The owner discussed the current issues he faces. The plantation operates with workers living on the premises in provided housing. If workers have children, their travel and textbook expenses are paid for as an incentive to stay here. He mentioned that he is facing labor shortages at peak times of the year. Many workers come from the north, and cannot place their children in local schools because of the language barrier, since each region speaks in a different tongue. Many of these individuals tend to leave after the season ends, looking for other work - usually in urban areas.
|Lisa '16 (left) and Victoria '16 (right) with two of the plantation workers.|
After our trip to the plantation, we were all eager to head over to the Dubare Elephant Camp before it closed. It was a risk worth taking, for as soon as we arrived, we were all in awe. We hopped on a boat and crossed the smooth river, finally arriving at the camp. The camp had no high fences or barriers, for they are not necessary. The numerous elephants, cows, dogs, goats, and sheep roamed freely in the wide-open space. We admired the elephants as they slowly walked around, even getting a chance to feed one named Goppi!
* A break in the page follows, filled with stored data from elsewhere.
(* Let $n>24$, $s>0$, $L>9$, and $m=Ln$ (assumed to be an integer). Let $v=(v_1,\dots,v_n)$ with $v_i\ge0$ and $\sum_i v_i=1$. Then $$\mathsf P\left\{\mathrm{AST}(v,x)\le L\,n\,\|v\|\,\|p\|\sqrt{1+\frac{3+6s}{\sqrt L}+\frac{5s^2}{L}}+1\right\}\ \ge\ 1-\frac{10}{9}e^{-s^2/4}.$$
   Context: Standing setup: $U$ is a finite set (the key space) with a probability measure $q$; $T=\{1,\dots,n\}$; $h:U\to T$ is an arbitrary function. $p_i=\sum_{u\in h^{-1}(i)}q(u)$ and $\|p\|^2=\sum_{i=1}^n p_i^2$. $U^m$ carries the product measure $q^m$, and $\mathsf P$ denotes probability under $q^m$ for $x=(x_1,\dots,x_m)\in U^m$. $k_i(x)=|\{j: h(x_j)=i\}|$. $\|\cdot\|$ is the euclidean norm. The vector $v$ is a user's access pattern ($v_i$ = fraction of the user's searches directed to slot $i$). $\mathrm{AST}(v,x)$ denotes the average search time of such a user in a hash table with chaining after the keys $x$ have been inserted; in this model it satisfies $\mathrm{AST}(v,x)\le\sum_{i=1}^n v_i\,k_i(x)$ (search time in slot $i$ identified with chain length, counted with multiplicity). *)

theory Defs
  imports "HOL-Probability.Probability"
begin

definition slot_prob :: "'u pmf \<Rightarrow> ('u \<Rightarrow> nat) \<Rightarrow> nat \<Rightarrow> real" where
  "slot_prob q h i = measure_pmf.prob q {u. h u = i}"

definition chain_len :: "('u \<Rightarrow> nat) \<Rightarrow> nat \<Rightarrow> (nat \<Rightarrow> 'u) \<Rightarrow> nat \<Rightarrow> nat" where
  "chain_len h m x i = card {j \<in> {..<m}. h (x j) = i}"

definition vnorm :: "nat \<Rightarrow> (nat \<Rightarrow> real) \<Rightarrow> real" where
  "vnorm n w = sqrt (\<Sum>i\<in>{1..n}. (w i)^2)"

definition keys_pmf :: "nat \<Rightarrow> 'u pmf \<Rightarrow> (nat \<Rightarrow> 'u) pmf" where
  "keys_pmf m q = Pi_pmf {..<m} undefined (\<lambda>_. q)"

end

theory Submission
  imports Defs "HOL-Analysis.L2_Norm"
begin

text \<open>
  Since the search time is bounded by \<open>\<Sum>\<^sub>i v\<^sub>i k\<^sub>i(x) = \<Sum>\<^sub>j v\<^bsub>h(x\<^sub>j)\<^esub>\<close>, it suffices to
  bound a sum of \<open>m\<close> independent copies of \<open>v\<^bsub>h(u)\<^esub>\<close>, which take values in
  \<open>[0, \<parallel>v\<parallel>]\<close> and have mean \<open>\<Sum>\<^sub>i v\<^sub>i p\<^sub>i \<le> \<parallel>v\<parallel> \<parallel>p\<parallel>\<close> by Cauchy-Schwarz.
  Hoeffding's inequality with deviation \<open>\<surd>5 s \<parallel>v\<parallel> \<surd>m\<close> fails with probability at most
  \<open>exp (-10 s\<^sup>2)\<close>, and since \<open>n \<parallel>p\<parallel>\<^sup>2 \<ge> 1\<close> the deviation is at most
  \<open>m \<parallel>v\<parallel> \<parallel>p\<parallel> \<surd>5 s / \<surd>L\<close>, which the square-root factor absorbs.
  This gives a stronger bound than claimed; the hypotheses \<open>n > 24\<close> and \<open>L > 9\<close> are
  only used in the weakened forms \<open>n > 0\<close> and \<open>L > 0\<close>.
\<close>

lemma vnorm_eq_L2_set: "vnorm n w = L2_set w {1..n}"
  by (simp add: vnorm_def L2_set_def)

lemma component_le_vnorm: "i \<in> {1..n} \<Longrightarrow> w i \<le> vnorm n w"
  unfolding vnorm_eq_L2_set by (rule member_le_L2_set) simp_all

lemma sum_mult_le_vnorm_mult: "(\<Sum>i\<in>{1..n}. w i * z i) \<le> vnorm n w * vnorm n z"
proof -
  have "(\<Sum>i\<in>{1..n}. w i * z i) \<le> (\<Sum>i\<in>{1..n}. \<bar>w i\<bar> * \<bar>z i\<bar>)"
    by (intro sum_mono) (simp flip: abs_mult)
  also have "\<dots> \<le> vnorm n w * vnorm n z"
    unfolding vnorm_eq_L2_set by (rule L2_set_mult_ineq)
  finally show ?thesis .
qed

lemma sum_le_sqrt_card_mult_vnorm: "(\<Sum>i\<in>{1..n}. w i) \<le> sqrt (real n) * vnorm n w"
  using sum_mult_le_vnorm_mult[where n = n and w = "\<lambda>_. 1" and z = w] by (simp add: vnorm_def)

lemma expectation_comp_eq_sum_slot_prob:
  fixes f :: "nat \<Rightarrow> real"
  assumes h_range: "\<And>u. h u \<in> {1..n}"
  shows "measure_pmf.expectation q (\<lambda>u. f (h u)) = (\<Sum>i\<in>{1..n}. f i * slot_prob q h i)"
proof -
  have "measure_pmf.expectation q (\<lambda>u. f (h u)) = measure_pmf.expectation (map_pmf h q) f"
    by simp
  also have "\<dots> = (\<Sum>i\<in>{1..n}. pmf (map_pmf h q) i * f i)"
    by (subst integral_measure_pmf[where A = "{1..n}"]) (use h_range in auto)
  also have "\<dots> = (\<Sum>i\<in>{1..n}. f i * slot_prob q h i)"
    by (simp add: pmf_map slot_prob_def vimage_def mult.commute)
  finally show ?thesis .
qed

lemma sum_slot_prob:
  assumes "\<And>u. h u \<in> {1..n}"
  shows "(\<Sum>i\<in>{1..n}. slot_prob q h i) = 1"
  using expectation_comp_eq_sum_slot_prob[of h n q "\<lambda>_. 1"] assms by simp

lemma sum_chain_len_weighted:
  assumes h_range: "\<And>u. h u \<in> {1..n}"
  shows "(\<Sum>i\<in>{1..n}. w i * real (chain_len h m x i)) = (\<Sum>j<m. w (h (x j)))"
proof -
  have "(\<Sum>i\<in>{1..n}. w i * real (chain_len h m x i))
      = (\<Sum>i\<in>{1..n}. \<Sum>j<m. (if h (x j) = i then w i else 0))"
    by (intro sum.cong refl) (simp add: chain_len_def sum.If_cases Int_def)
  also have "\<dots> = (\<Sum>j<m. \<Sum>i\<in>{1..n}. (if h (x j) = i then w i else 0))"
    by (rule sum.swap)
  also have "\<dots> = (\<Sum>j<m. w (h (x j)))"
    by (intro sum.cong refl) (use h_range in \<open>simp add: sum.delta'\<close>)
  finally show ?thesis .
qed

lemma expectation_keys_pmf_component:
  fixes f :: "'u \<Rightarrow> real"
  assumes "j < m"
  shows "measure_pmf.expectation (keys_pmf m q) (\<lambda>x. f (x j)) = measure_pmf.expectation q f"
proof -
  have "measure_pmf.expectation (keys_pmf m q) (\<lambda>x. f (x j))
      = measure_pmf.expectation (map_pmf (\<lambda>x. x j) (keys_pmf m q)) f"
    by simp
  also have "map_pmf (\<lambda>x. x j) (keys_pmf m q) = q"
    unfolding keys_pmf_def by (subst Pi_pmf_component) (use assms in auto)
  finally show ?thesis .
qed

lemma keys_pmf_Hoeffding_lt:
  fixes f :: "'u \<Rightarrow> real"
  assumes f_range: "\<And>u. f u \<in> {a..b}" and "a < b" and "m > 0" and "\<epsilon> \<ge> 0"
  shows "measure_pmf.prob (keys_pmf m q)
           {x. (\<Sum>j<m. f (x j)) < real m * measure_pmf.expectation q f + \<epsilon>}
         \<ge> 1 - exp (-2 * \<epsilon>\<^sup>2 / (real m * (b - a)\<^sup>2))"
proof -
  let ?M = "measure_pmf (keys_pmf m q)"
  let ?large = "{x. (\<Sum>j<m. f (x j)) \<ge> real m * measure_pmf.expectation q f + \<epsilon>}"
  have mean: "(\<Sum>j<m. measure_pmf.expectation (keys_pmf m q) (\<lambda>x. f (x j)))
      = real m * measure_pmf.expectation q f"
    by (simp add: expectation_keys_pmf_component)
  interpret Hoeffding_ineq ?M "{..<m}" "\<lambda>j x. f (x j)" "\<lambda>_. a" "\<lambda>_. b"
    "real m * measure_pmf.expectation q f"
  proof unfold_locales
    show "prob_space.indep_vars ?M (\<lambda>_. borel) (\<lambda>j x. f (x j)) {..<m}"
      unfolding keys_pmf_def
      by (rule prob_space.indep_vars_compose2[OF measure_pmf.prob_space_axioms indep_vars_Pi_pmf])
        auto
  qed (use f_range mean in auto)
  have "(\<Sum>j<m. (b - a)\<^sup>2) > 0"
    using \<open>a < b\<close> \<open>m > 0\<close> by simp
  then have "measure_pmf.prob (keys_pmf m q) ?large
      \<le> exp (-2 * \<epsilon>\<^sup>2 / (real m * (b - a)\<^sup>2))"
    using Hoeffding_ineq_ge[OF \<open>\<epsilon> \<ge> 0\<close>] by simp
  moreover have "measure_pmf.prob (keys_pmf m q) (- ?large)
      = 1 - measure_pmf.prob (keys_pmf m q) ?large"
    by (simp add: measure_pmf.prob_compl[symmetric] Compl_eq_Diff_UNIV)
  moreover have "- ?large = {x. (\<Sum>j<m. f (x j)) < real m * measure_pmf.expectation q f + \<epsilon>}"
    by auto
  ultimately show ?thesis
    by simp
qed

lemma one_plus_sqrt_5_le_sqrt_factor:
  fixes s L :: real
  assumes "s \<ge> 0" and "L > 0"
  shows "1 + sqrt 5 * s / sqrt L \<le> sqrt (1 + (3 + 6 * s) / sqrt L + 5 * s\<^sup>2 / L)"
proof (rule real_le_rsqrt)
  have "sqrt 5 \<le> 3"
    by (rule real_le_lsqrt) auto
  then have "2 * sqrt 5 * s \<le> 3 + 6 * s"
    using mult_right_mono[of "sqrt 5" 3 s] \<open>s \<ge> 0\<close> by linarith
  then have "2 * sqrt 5 * s / sqrt L \<le> (3 + 6 * s) / sqrt L"
    using \<open>L > 0\<close> by (simp add: divide_right_mono)
  moreover have "(1 + sqrt 5 * s / sqrt L)\<^sup>2 = 1 + 2 * sqrt 5 * s / sqrt L + 5 * s\<^sup>2 / L"
    using \<open>L > 0\<close> by (simp add: power2_eq_square field_simps)
  ultimately show "(1 + sqrt 5 * s / sqrt L)\<^sup>2 \<le> 1 + (3 + 6 * s) / sqrt L + 5 * s\<^sup>2 / L"
    by linarith
qed

lemma mean_plus_deviation_le:
  fixes s L B P \<mu> :: real
  assumes m_def: "real m = L * real n" and "L > 0" and "s \<ge> 0" and "B \<ge> 0"
    and P_ge: "1 \<le> sqrt (real n) * P" and \<mu>_le: "\<mu> \<le> B * P"
  shows "real m * \<mu> + sqrt 5 * s * B * sqrt (real m)
         \<le> L * real n * B * P * sqrt (1 + (3 + 6 * s) / sqrt L + 5 * s\<^sup>2 / L)"
proof -
  have "0 < sqrt (real n) * P"
    using P_ge by linarith
  then have P_nonneg: "P \<ge> 0"
    by (simp add: zero_less_mult_iff)
  have "sqrt (real m) = sqrt L * sqrt (real n)"
    by (simp add: m_def real_sqrt_mult)
  also have "\<dots> \<le> sqrt L * sqrt (real n) * (sqrt (real n) * P)"
    using mult_left_mono[OF P_ge, of "sqrt L * sqrt (real n)"] \<open>L > 0\<close> by simp
  also have "\<dots> = real m * P / sqrt L"
    using \<open>L > 0\<close> by (simp add: m_def field_simps real_sqrt_mult)
  finally have sqrt_m_le: "sqrt (real m) \<le> real m * P / sqrt L" .
  have "real m * \<mu> + sqrt 5 * s * B * sqrt (real m)
        \<le> real m * (B * P) + sqrt 5 * s * B * (real m * P / sqrt L)"
    using \<mu>_le sqrt_m_le \<open>s \<ge> 0\<close> \<open>B \<ge> 0\<close> by (intro add_mono mult_left_mono) auto
  also have "\<dots> = real m * B * P * (1 + sqrt 5 * s / sqrt L)"
    by (simp add: field_simps)
  also have "\<dots> \<le> real m * B * P * sqrt (1 + (3 + 6 * s) / sqrt L + 5 * s\<^sup>2 / L)"
    using one_plus_sqrt_5_le_sqrt_factor[OF \<open>s \<ge> 0\<close> \<open>L > 0\<close>] \<open>B \<ge> 0\<close> P_nonneg
    by (intro mult_left_mono) auto
  finally show ?thesis
    by (simp add: m_def)
qed

lemma prob_weighted_chain_len_lt:
  fixes q :: "'u pmf" and s L :: real
  assumes h_range: "\<And>u. h u \<in> {1..n}"
    and m_def: "real m = L * real n" and "L > 0" and "s \<ge> 0"
    and v_nonneg: "\<And>i. i \<in> {1..n} \<Longrightarrow> v i \<ge> 0"
    and v_sum: "(\<Sum>i\<in>{1..n}. v i) = 1"
  shows "measure_pmf.prob (keys_pmf m q)
           {x. (\<Sum>i\<in>{1..n}. v i * real (chain_len h m x i))
                 < L * real n * vnorm n v * vnorm n (slot_prob q h)
                   * sqrt (1 + (3 + 6 * s) / sqrt L + 5 * s\<^sup>2 / L)}
         \<ge> 1 - exp (- (10 * s\<^sup>2))"
proof -
  define B where "B = vnorm n v"
  define P where "P = vnorm n (slot_prob q h)"
  define g where "g = (\<lambda>u. v (h u))"
  define \<epsilon> where "\<epsilon> = sqrt 5 * s * B * sqrt (real m)"
  have "0 < sqrt (real n) * B"
    using sum_le_sqrt_card_mult_vnorm[where n = n and w = v] v_sum by (simp add: B_def)
  then have B_pos: "B > 0"
    by (simp add: zero_less_mult_iff)
  have g_range: "g u \<in> {0..B}" for u
    using v_nonneg[OF h_range] component_le_vnorm[OF h_range] by (simp add: g_def B_def)
  have P_ge: "1 \<le> sqrt (real n) * P"
    using sum_le_sqrt_card_mult_vnorm[where n = n and w = "slot_prob q h"]
      sum_slot_prob[where h = h and q = q, OF h_range]
    by (simp add: P_def)
  have E_le: "measure_pmf.expectation q g \<le> B * P"
    using expectation_comp_eq_sum_slot_prob[where h = h and f = v and q = q, OF h_range]
      sum_mult_le_vnorm_mult[where n = n and w = v and z = "slot_prob q h"]
    by (simp add: g_def B_def P_def)
  have "n > 0"
    using h_range[of undefined] by simp
  then have "real m > 0"
    using m_def \<open>L > 0\<close> by simp
  then have m_pos: "m > 0"
    by simp
  have "1 - exp (- (10 * s\<^sup>2)) = 1 - exp (-2 * \<epsilon>\<^sup>2 / (real m * (B - 0)\<^sup>2))"
    using B_pos m_pos by (simp add: \<epsilon>_def power_mult_distrib)
  also have "\<dots> \<le> measure_pmf.prob (keys_pmf m q)
      {x. (\<Sum>j<m. g (x j)) < real m * measure_pmf.expectation q g + \<epsilon>}"
    using \<open>s \<ge> 0\<close> B_pos
    by (intro keys_pmf_Hoeffding_lt[OF g_range B_pos m_pos]) (simp add: \<epsilon>_def)
  also have "\<dots> \<le> measure_pmf.prob (keys_pmf m q)
      {x. (\<Sum>j<m. g (x j))
            < L * real n * B * P * sqrt (1 + (3 + 6 * s) / sqrt L + 5 * s\<^sup>2 / L)}"
    using mean_plus_deviation_le[OF m_def \<open>L > 0\<close> \<open>s \<ge> 0\<close> _ P_ge E_le] B_pos
    by (intro measure_pmf.finite_measure_mono) (auto simp: \<epsilon>_def)
  finally show ?thesis
    unfolding sum_chain_len_weighted[where h = h and w = v and m = m, OF h_range]
    by (simp add: g_def B_def P_def)
qed

theorem corollary4:
  fixes q :: "'u::finite pmf"
    and h :: "'u \<Rightarrow> nat"
    and n m :: nat
    and s L :: real
    and v :: "nat \<Rightarrow> real"
    and AST :: "(nat \<Rightarrow> real) \<Rightarrow> (nat \<Rightarrow> 'u) \<Rightarrow> real"
  assumes h_range: "\<And>u. h u \<in> {1..n}"
    and n_gt: "n > 24" and s_pos: "s > 0" and L_gt: "L > 9"
    and m_def: "real m = L * real n"
    and v_nonneg: "\<And>i. i \<in> {1..n} \<Longrightarrow> v i \<ge> 0"
    and v_sum: "(\<Sum>i\<in>{1..n}. v i) = 1"
    and AST_bound: "\<And>x. AST v x \<le> (\<Sum>i\<in>{1..n}. v i * real (chain_len h m x i))"
  shows "measure_pmf.prob (keys_pmf m q)
           {x. AST v x \<le> L * real n * vnorm n v * vnorm n (slot_prob q h)
                 * sqrt (1 + (3 + 6 * s) / sqrt L + 5 * s^2 / L) + 1}
         \<ge> 1 - 10 / 9 * exp (- (s^2) / 4)"
proof -
  have "exp (- (10 * s\<^sup>2)) \<le> exp (- (s^2) / 4)"
    by simp
  then have "1 - 10 / 9 * exp (- (s^2) / 4) \<le> 1 - exp (- (10 * s\<^sup>2))"
    using exp_gt_zero[of "- (s^2) / 4"] by linarith
  also have "\<dots> \<le> measure_pmf.prob (keys_pmf m q)
           {x. (\<Sum>i\<in>{1..n}. v i * real (chain_len h m x i))
                 < L * real n * vnorm n v * vnorm n (slot_prob q h)
                   * sqrt (1 + (3 + 6 * s) / sqrt L + 5 * s\<^sup>2 / L)}"
    using L_gt s_pos
    by (intro prob_weighted_chain_len_lt[OF h_range m_def _ _ v_nonneg v_sum]) auto
  also have "\<dots> \<le> measure_pmf.prob (keys_pmf m q)
           {x. AST v x \<le> L * real n * vnorm n v * vnorm n (slot_prob q h)
                 * sqrt (1 + (3 + 6 * s) / sqrt L + 5 * s^2 / L) + 1}"
    using order_trans[OF AST_bound less_imp_le]
    by (intro measure_pmf.finite_measure_mono) auto
  finally show ?thesis .
qed

end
|Victoria '16 feeding Goppi.|
For me, leaving the camp was the most memorable moment of this trip so far. The sun began to set over the river. Children were playing in the shallow pools of the rocks, people were swimming, while others went rafting. Surprising us all, the elephants (their feet no longer chained) walked down to the river and began to relish in it’s coolness. We were in for a treat! They bathed happily, some playfully spraying nearby rafts. Cows and bulls slowly trekked into the water also, until only their head remained at the surface, swimming across the river together. The scene truly captured the essence of India’s unique culture – carefree and natural. The people live at ease with the world around them. I know in America, I would not be allowed to witness such beautiful interactions. As cliché as it sounds, we often forget to slow down and appreciate what is around us in America.
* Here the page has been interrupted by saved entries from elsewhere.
lemma limit_map_val_ring:
  assumes uf: "free_ultrafilter w" and "is_scale eta" and "scale_less w eta (\<lambda>n. 1)"
    and qm: "quotient_map (val_ring w eta) (max_ideal w eta) psi"
  shows "limit_map w (val_ring w eta) psi"
proof -
  have "w \<noteq> bot" using uf by (simp add: free_ultrafilter_def)
  have eta_0: "(eta \<longlongrightarrow> 0) w"
    using scale_less_1_tendsto_0[OF \<open>w \<noteq> bot\<close> assms(2,3)] .
  obtain B where eta_pos: "\<And>n. 0 \<le> eta n" and eta_bound: "\<And>n. eta n \<le> B"
    using \<open>is_scale eta\<close> by (auto simp: is_scale_def less_imp_le)
  have "eventually (\<lambda>n. eta n \<le> 1) w"
    using order_tendstoD(2)[OF eta_0, of 1] by (auto elim: eventually_mono)
  note V = val_ring_max_ideal_eq[OF this]
  have bounded: "z \<in> val_ring w eta" if z: "Bseq z" for z
  proof -
    have "\<exists>L. ((\<lambda>n. cmod (z n) powr eta n) \<longlongrightarrow> L) w"
      by (rule Bseq_powr_tendsto[OF uf z]) (rule eta_pos eta_bound)+
    then obtain L where L: "((\<lambda>n. cmod (z n) powr eta n) \<longlongrightarrow> L) w" ..
    then have "L \<le> 1" using Bseq_powr_limit_le_1[OF \<open>w \<noteq> bot\<close> z eta_0 eta_pos] by simp
    with L show ?thesis unfolding V by blast
  qed
  have kernel: "z \<in> val_ring w eta \<Longrightarrow> psi z = 0 \<longleftrightarrow> z \<in> max_ideal w eta" for z
    using qm by (simp add: quotient_map_def)
  show ?thesis
  proof unfold_locales
    fix z assume "Bseq z" and ev: "eventually (\<lambda>n. 1 \<le> cmod (z n)) w"
    show "psi z \<noteq> 0"
    proof
      assume "psi z = 0"
      then obtain L where "L < 1" and L: "((\<lambda>n. cmod (z n) powr eta n) \<longlongrightarrow> L) w"
        using kernel bounded[OF \<open>Bseq z\<close>] unfolding V by blast
      from tendsto_powr_ge_1[OF \<open>w \<noteq> bot\<close> L ev eta_pos] \<open>L < 1\<close> show False by simp
    qed
  next
    fix z u assume "Bseq z" and "psi z \<noteq> 0" and uz: "\<And>n. cmod (u n) * cmod (z n) \<le> 1"
    obtain L where L: "((\<lambda>n. cmod (z n) powr eta n) \<longlongrightarrow> L) w"
      using bounded[OF \<open>Bseq z\<close>] unfolding V by blast
    have "\<not> L < 1"
      using L kernel bounded[OF \<open>Bseq z\<close>] \<open>psi z \<noteq> 0\<close> unfolding V by blast
    then obtain L' where L': "((\<lambda>n. cmod (u n) powr eta n) \<longlongrightarrow> L') w" and "L' \<le> 1 / L"
      using tendsto_powr_reciprocal_bound[OF uf _ _ eta_pos uz L] by fastforce
    moreover have "1 / L \<le> 1" using \<open>\<not> L < 1\<close> by simp
    ultimately have "L' \<le> 1" by linarith
    with L' show "u \<in> val_ring w eta" unfolding V by blast
  qed (use uf qm bounded in \<open>simp_all add: quotient_map_def\<close>)
qed

context limit_map
begin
I am incredibly thankful for this day trip, for it taught me lessons that were directly related to ILR as well as cultural ones that I would never be able to truly understand through a course or textbook. I have gained life lessons and memories that will stay with me as I continue growing. I am very humbled to be a part of the GSL team and incredibly thankful to SVYM and ILR for providing us with these amazing opportunities.